When the missionary and his family leave for the field, it is difficult, but they have the field, the work, and the new culture to look forward to and to get involved in. The parents and relatives of missionaries stay behind and live goes on as normal. They don’t live on the mission field, they don’t know the new believers that get saved, and they often struggle to appreciate why their family “loves” being on the field.
I think furlough is good because it benefits parents, grandparents, uncles/aunts, cousins, and other relatives in the follow ways:
- Helps them know better how to pray for their family who are missionaries.
- Reconnect them to the missionary family and helps build stronger bonds.
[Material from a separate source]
(* Let $R$ be a unital semiprime left Goldie ring, $X$ a nonempty set, and for each $x\in X$ let $\sigma_x$ be a ring automorphism of $R$ and $\delta_x$ a $\sigma_x$-derivation of $R$; let $S=R[X;\mathscr{G},\mathscr{D}]$ be the free skew extension with $\mathscr{G}=\{\sigma_x\}$, $\mathscr{D}=\{\delta_x\}$. Fix a linear order on $X$ and extend it to $\langle X\rangle$ as described in the context. Let $A$ be a nonzero ideal of $S$ and let $I$ be the additive subgroup of $R$ generated by the leading coefficients of the nonzero elements of $A$. Then (1) $I$ is a two-sided ideal of $R$; (2) $\sigma_x(I)\subseteq I$ for every $x\in X$; (3) if $M=\mathrm{ann}_R(I)$, then $\sigma_x(M)=M$ and $\delta_x(M)\subseteq M$ for every $x\in X$.
   Context: A $\sigma$-derivation is an additive map $\delta\colon R\to R$ with $\delta(ab)=\delta(a)b+\sigma(a)\delta(b)$. Let $\langle X\rangle$ be the free monoid on $X$. A free skew extension $S=R[X;\mathscr{G},\mathscr{D}]$ is a ring containing $R$ as a subring and $X$ as a subset, which is a free left $R$-module with basis $\langle X\rangle$, and in which $xr=\sigma_x(r)x+\delta_x(r)$ for all $x\in X$, $r\in R$. Given a linear order $\prec$ on $X$, extend it to $\langle X\rangle$ by: $x_{i_1}\cdots x_{i_k}\prec x_{j_1}\cdots x_{j_l}$ iff $k<l$, or $k=l$ and at the first position $s$ where $i_s\ne j_s$ one has $x_{i_s}\prec x_{j_s}$. Each nonzero $f=\sum_\Delta r_\Delta\Delta\in S$ ($r_\Delta\in R$, almost all zero) has leading term the largest $\Delta$ with $r_\Delta\neq0$, and its coefficient is the leading coefficient of $f$. $\mathrm{ann}_R(I)=\{r\in R\mid rI=Ir=0\}$. A ring is left Goldie if it has no infinite direct sum of nonzero left ideals and has ACC on left annihilators. *)

theory Defs
  imports Main
begin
- Lets them know that, though they must take second place to God’s will and plans, they do have a place and are loved by the missionary family.
- Allows them to invest in the missionary and the missionaries children.
- Makes it easier for them to allow the missionary family to go when they know that they will be every so often.
- Encourage them to want to go visit as they develop a growing relationship with the missionary family.
From personal experience, it is not always possible for our extended families to come visit us on the mission field and that they really appreciate it when we make the effort to come see them on furlough. Our children have really enjoyed getting to know their cousins, aunts, uncles, etc. We have had the opportunity to give a presentation of our ministry to several groups of our relatives, and we look forward to spend more time with them while on furlough.
You may think this is a small thing and should not factor into the missionaries priorities. Let me just encourage you to talk to a grandma or grandpa who has grandchildren on the mission field, and you will find out how much it means to them to get to see those grandkids every couple years.
Yes, we need to be willing to put Christ first and to forsake all to follow Jesus, but that does not mean that we cannot make time to honour our father and mother, to spend time with relatives, and to seek to involved them in the call of God on our lives.